日野:はい、時間はかかりました。実は最初に書いたシナリオは、ほぼ”二ノ国”だけの内容だったんです。『二ノ国』という作品なのですが、”一ノ国”は出てこない”二ノ国”という世界を舞台にしたファンタジーの物語で。そのシナリオに色々な部門許可をいただいて、脚本も進行していました。でも、音楽を担当してくださった久石譲さんにそれを見せた時に「2つの世界を行ったり来たりするのが『二ノ国』なのに、これでいいの?」っていう、ちょっとした挑戦状を叩きつけられまして……。 それを言われて「確かにその通り……」と思いました。いつの間にか好き勝手に物を作っている自分がいたことに気づきました。ファンタジーの世界の方が魅力的だと思って『二ノ国』の根本を変えてしまっていたんです。
「内容が面白ければそれでいい」という考えもあると思うんですが、それでもやっぱり『二ノ国』の最初に作った世界観の面白味って、”2つの世界があってそれが繋がっている”ということなのだと考え直させられました。

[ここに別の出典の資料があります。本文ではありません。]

lemma Omega_exponentials_complete:
  assumes "finite A" "N > 0" "inj_on (\<lambda>a. a mod N) A"
    and f: "L2_on (Omega A) f"
    and orth: "\<And>k::int. L2_inner (Omega A) f (expo (of_int k / N)) = 0"
  shows "AE x in lebesgue_on (Omega A). f x = 0"
proof -
  have sets: "Omega A \<inter> space lebesgue \<in> sets lebesgue"
    using sets_lebesgue_Omega[OF assms(1)] by simp
  define F where "F x = indicator (Omega A) x *\<^sub>R f x" for x
  have "integrable (lebesgue_on (Omega A)) f"
    using f finite_measure_lebesgue_on[OF Omega_lmeasurable[OF assms(1)]]
    unfolding L2_on_def by (blast intro: integrable_if_square_integrable)
  then have F: "integrable lebesgue F"
    unfolding F_def by (simp add: integrable_restrict_space[OF sets, symmetric])
  have orth_F: "integral\<^sup>L lebesgue (\<lambda>x. F x * e2pi (of_int k * x / N)) = 0" for k :: int
  proof -
    have "L2_inner (Omega A) f (expo (of_int (- k) / N))
        = integral\<^sup>L lebesgue (\<lambda>x. indicator (Omega A) x *\<^sub>R (f x * cnj (expo (of_int (- k) / N) x)))"
      unfolding L2_inner_def by (rule integral_restrict_space[OF sets])
    also have "\<dots> = integral\<^sup>L lebesgue (\<lambda>x. F x * e2pi (of_int k * x / N))"
      by (simp add: F_def expo_eq_e2pi cnj_e2pi)
    finally show ?thesis using orth[of "- k"] by simp
  qed
  have "(LINT x:K|lebesgue. F x) = 0" if "closed K" for K
  proof (rule set_integral_closed_eq_0_if_injective[OF F])
    show "F x = 0" if "x \<notin> Omega A" for x
      using that by (simp add: F_def)
    show "Omega A \<subseteq> (\<Union>b\<in>A. {real b..real b + 1})" "compact (\<Union>b\<in>A. {real b..real b + 1})"
      unfolding Omega_def using assms(1) by auto
    show "continuous_on UNIV (\<lambda>x. e2pi (x / N))"
      using continuous_on_e2pi_scaled[of UNIV 1 N] by simp
    show "real ` A \<in> null_sets lborel"
      using assms(1) by (simp add: finite_imp_null_set_lborel)
    show "x = y" if "x \<in> Omega A - real ` A" "y \<in> (\<Union>b\<in>A. {real b..real b + 1})"
      and "e2pi (x / N) = e2pi (y / N)" for x y
      using that e2pi_eq_imp_eq_Omega[OF assms(3,2)] by auto
    show "(LINT x|lebesgue. indicator B (e2pi (x / N)) *\<^sub>R F x) = 0" if "closed B" for B
      using F orth_F that by (rule integral_closed_circle_eq_0)
  qed fact
  then have "AE x in lebesgue. F x = 0"
    by (rule AE_eq_0_if_set_integral_closed_eq_0[OF F])
  then show ?thesis
    unfolding AE_restrict_space_iff[OF sets] by eventually_elim (simp add: F_def indicator_def)
qed
(* Let $\min(p,q)\ge 2$. Let $M_0, M_1, M_2$ be three Minkowski patches of $\widetilde{\mathrm{Ein}}^{p,q}$ and $s : M_0 \rightarrow \mathbb{R}^{p,q}$ a stereographic projection. Assume that $s(M_0 \cap M_1) = H_{v,\alpha}$ and $s(M_0 \cap M_2) = H_{v,\beta}$ for some $v \in \mathcal{C}\setminus\{0\}$ and $\alpha,\beta \in \mathbb{R}$. Then $\partial M_0 \cap M_1 = \partial M_0 \cap M_2$.
   Context: $\widetilde{\mathrm{Ein}}^{p,q}\cong\mathbb{S}^p\times\mathbb{S}^q$ is the set of isotropic vectors of Euclidean norm 1 in $\mathbb{R}^{p+1,q+1}$, double covering $\mathrm{Ein}^{p,q}$ (isotropic lines) via $\pi_{\mathbf{X}}$. Minkowski patches of $\widetilde{\mathrm{Ein}}^{p,q}$ are the connected components of $\pi_{\mathbf{X}}^{-1}(\{[u]:B(w,u)\neq0\})$, $w$ isotropic; $\partial M_0$ denotes the topological boundary in $\widetilde{\mathrm{Ein}}^{p,q}$. A stereographic projection is a conformal diffeomorphism from a Minkowski patch onto $\mathbb{R}^{p,q}$. On $\mathbb{R}^{p,q}$ ($n=p+q$): $b(v,w) = -v_1w_1 - \cdots - v_pw_p + v_{p+1}w_{p+1} + \cdots + v_nw_n$, $\mathcal{C}=\{v:b(v,v)=0\}$, $H_{v,\alpha}=\{w: b(v,w)>\alpha\}$. *)

theory Defs
  imports "HOL-Analysis.Analysis"
begin

text \<open>On R^{p,q} = real^'p x real^'q this is b; on R^{p+1,q+1} =
(real x real^'p) x (real x real^'q) this is B.\<close>
definition pform :: "('a::real_inner \<times> 'b::real_inner) \<Rightarrow> ('a \<times> 'b) \<Rightarrow> real" where
  "pform u w = - (fst u \<bullet> fst w) + (snd u \<bullet> snd w)"

definition Ein_tilde :: "('a::real_inner \<times> 'b::real_inner) set" where
  "Ein_tilde = {u. pform u u = 0 \<and> norm u = 1}"

definition minkowski_patch :: "('a::real_inner \<times> 'b::real_inner) set \<Rightarrow> bool" where
  "minkowski_patch M \<longleftrightarrow> (\<exists>w. w \<noteq> 0 \<and> pform w w = 0 \<and>
       M \<in> components {u \<in> Ein_tilde. pform w u \<noteq> 0})"

primrec dder :: "'a list \<Rightarrow> ('a::real_normed_vector \<Rightarrow> 'b::real_normed_vector) \<Rightarrow> 'a \<Rightarrow> 'b" where
  "dder [] f = f"
| "dder (v # vs) f = (\<lambda>x. frechet_derivative (dder vs f) (at x) v)"

definition smooth_on :: "'a::real_normed_vector set \<Rightarrow> ('a \<Rightarrow> 'b::real_normed_vector) \<Rightarrow> bool" where
  "smooth_on U f \<longleftrightarrow> open U \<and> (\<forall>vs. \<forall>x\<in>U. dder vs f differentiable (at x))"
lemma sum_order_roots_prod_linear_factors:
  fixes d :: "nat \<Rightarrow> 'a :: idom" and n :: nat
  defines "p \<equiv> \<Prod>a\<leftarrow>map d [0..<n]. [:- a, 1:]"
  shows "(\<Sum>c\<in>{c. poly p c = 0 \<and> P c}. Polynomial.order c p) = card {i. i < n \<and> P (d i)}"
proof -
  have roots: "{c. poly p c = 0 \<and> P c} = {c \<in> set (map d [0..<n]). P c}"
    unfolding p_def by (auto simp: poly_prod_list_zero_iff)
  have "(\<Sum>c\<in>{c \<in> set (map d [0..<n]). P c}. count_list (map d [0..<n]) c)
      = length (filter P (map d [0..<n]))"
    by (subst sum_count_list_eq_length_filter) (auto intro!: arg_cong[where f = length] filter_cong)
  also have "\<dots> = card {i. i < n \<and> P (d i)}"
    by (simp add: length_filter_conv_card) (intro arg_cong[where f = card], auto)
  finally show ?thesis unfolding roots unfolding p_def order_prod_linear_factors .
qed

lemma char_poly_orthogonally_diagonalized:
  fixes A Q :: "'a :: field mat"
  assumes A: "A \<in> carrier_mat n n" and Q: "Q \<in> carrier_mat n n"
    and orth: "transpose_mat Q * Q = 1\<^sub>m n" and diag: "transpose_mat Q * A * Q = mat_diag n d"
  shows "char_poly A = (\<Prod>a\<leftarrow>map d [0..<n]. [:- a, 1:])"
proof -
  have Qt: "transpose_mat Q \<in> carrier_mat n n" using Q by simp
  have orth': "Q * transpose_mat Q = 1\<^sub>m n" by (rule mat_mult_left_right_inverse[OF Qt Q orth])
  have "Q * mat_diag n d * transpose_mat Q = (Q * transpose_mat Q) * A * (Q * transpose_mat Q)"
    unfolding diag[symmetric] using A Q by (simp add: assoc_mult_mat[of _ n n _ n _ n])
  then have "similar_mat A (mat_diag n d)"
    unfolding similar_mat_def using A Q orth orth'
    by (intro exI[of _ Q] exI[of _ "transpose_mat Q"] similar_mat_witI[of _ _ n]) auto
  then have "char_poly A = char_poly (mat_diag n d)" by (rule char_poly_similar)
  also have "\<dots> = (\<Prod>a\<leftarrow>map d [0..<n]. [:- a, 1:])"
    using char_poly_upper_triangular[OF mat_diag_dim upper_triangular_mat_diag] by simp
  finally show ?thesis .
qed

lemma
  fixes A Q :: "real mat"
  assumes "A \<in> carrier_mat n n" "Q \<in> carrier_mat n n"
    "transpose_mat Q * Q = 1\<^sub>m n" "transpose_mat Q * A * Q = mat_diag n d"
  shows pos_eigs_orthogonally_diagonalized: "pos_eigs A = card {i. i < n \<and> d i > 0}"
    and neg_eigs_orthogonally_diagonalized: "neg_eigs A = card {i. i < n \<and> d i < 0}"
proof -
  note char_poly = char_poly_orthogonally_diagonalized[OF assms]
  have eigenvalue: "eigenvalue A c \<longleftrightarrow> poly (\<Prod>a\<leftarrow>map d [0..<n]. [:- a, 1:]) c = 0" for c
    using eigenvalue_root_char_poly[OF assms(1)] char_poly by simp
  show "pos_eigs A = card {i. i < n \<and> d i > 0}" "neg_eigs A = card {i. i < n \<and> d i < 0}"
    unfolding pos_eigs_def neg_eigs_def eigenvalue char_poly
    by (rule sum_order_roots_prod_linear_factors)+
qed
lemma DAff_rectangle_corner:
  assumes "(x0, y0) \<in> DAff d B" "(x, y0) \<in> DAff d B" "(x0, y) \<in> DAff d B"
    and "(x, y) \<in> grid d"
  shows "(x, y) \<in> DAff d B"
proof -
  obtain \<alpha>1 where 1: "(\<Sum>a\<in>B. \<alpha>1 a) = 1" "\<And>j. sigma (x, y0) j = (\<Sum>a\<in>B. \<alpha>1 a * sigma a j)"
    using assms(2) unfolding DAff_def by blast
  obtain \<alpha>2 where 2: "(\<Sum>a\<in>B. \<alpha>2 a) = 1" "\<And>j. sigma (x0, y) j = (\<Sum>a\<in>B. \<alpha>2 a * sigma a j)"
    using assms(3) unfolding DAff_def by blast
  obtain \<alpha>0 where 0: "(\<Sum>a\<in>B. \<alpha>0 a) = 1" "\<And>j. sigma (x0, y0) j = (\<Sum>a\<in>B. \<alpha>0 a * sigma a j)"
    using assms(1) unfolding DAff_def by blast
  have corner: "sigma (x, y) j = sigma (x, y0) j + sigma (x0, y) j - sigma (x0, y0) j" for j
    by (auto simp: sigma_def split: sum.split)
  define \<beta> where "\<beta> a = \<alpha>1 a + \<alpha>2 a - \<alpha>0 a" for a
  have "(\<Sum>a\<in>B. \<beta> a) = 1"
    using 0 1 2 by (simp add: \<beta>_def sum.distrib sum_subtractf)
  moreover have "sigma (x, y) j = (\<Sum>a\<in>B. \<beta> a * sigma a j)" for j
    unfolding corner 0 1 2 \<beta>_def by (simp add: algebra_simps sum.distrib sum_subtractf)
  ultimately show ?thesis
    using assms(4) unfolding DAff_def by blast
qed

lemma DAff_rectangle_insert_snd:
  assumes "A \<times> C \<subseteq> DAff d B" "g \<in> DAff d B" "fst g \<in> A" "C \<noteq> {}"
    and "A \<times> insert (snd g) C \<subseteq> grid d"
  shows "A \<times> insert (snd g) C \<subseteq> DAff d B"
proof -
  obtain y0 where "y0 \<in> C" using assms(4) by blast
  have "(x, snd g) \<in> DAff d B" if "x \<in> A" for x
    using DAff_rectangle_corner[of "fst g" y0 d B x "snd g"] assms that \<open>y0 \<in> C\<close> by auto
  then show ?thesis using assms(1) by auto
qed

lemma DAff_rectangle_insert_fst:
  assumes "A \<times> C \<subseteq> DAff d B" "g \<in> DAff d B" "snd g \<in> C" "A \<noteq> {}"
    and "insert (fst g) A \<times> C \<subseteq> grid d"
  shows "insert (fst g) A \<times> C \<subseteq> DAff d B"
proof -
  obtain x0 where "x0 \<in> A" using assms(4) by blast
  have "(fst g, y) \<in> DAff d B" if "y \<in> C" for y
    using DAff_rectangle_corner[of x0 "snd g" d B "fst g" y] assms that \<open>x0 \<in> A\<close> by auto
  then show ?thesis using assms(1) by auto
qed

lemma upd_rectangle_x:
  "C \<noteq> {} \<Longrightarrow> upd (A \<times> C, B, True) g =
     (if fst g \<in> A \<and> snd g \<notin> C then (A \<times> insert (snd g) C, insert g B, False)
      else (A \<times> C, B, True))"
  unfolding upd_def by (cases g) auto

――久石さんは音楽のみならず、映画のお話に関することもガンガン言われるんですね。
日野:そうですね。音楽のみならず色々アドバイスしてくださっています。新しいコンセプトで作ったものに関しては良いと言っていただけましたが、その後もいろいろとアドバイスを受けました。 今回のテーマ上、命のやり取りがあるので、殺伐とした言葉が少なからず登場します。久石さんは温かい作品を作りたかったこともあって、「”殺す”っていう言葉が多すぎる!」と言われ、「うーん……」と悩みましたね。 なのでそういった言葉を極力シナリオから減らしていったりと、そういう細かなところを久石さんには気づかせてもらえました。久石さんの言うことは聞かなきゃいけないかなって思っています(笑)。
――久石さん、さすがです…(笑)。これは、ゲームファンの方へのお楽しみポイントだと思うのですが、今回の映画はゲーム版『二ノ国』とどのように繋がっていますか?
日野:僕の中では、『二ノ国Ⅱ レヴァナントキングダム』の主人公であるエバンが、エスタバニアを作った数百年後のエスタバニアが本作という設定で作っています。軽い繋がりなんですけどね。エバンの時代に二ノ国を統一するんですよ。 なので、二ノ国の王達がエスタバニアには銅像として立っている様なシーンが映画でもあって。 でも、すべての国を束ねるって長く続かないんじゃないか? ということで、内乱が起きたり、それに反発する勢力が生まれたりして、エスタバニアを脅かすという状況になっています。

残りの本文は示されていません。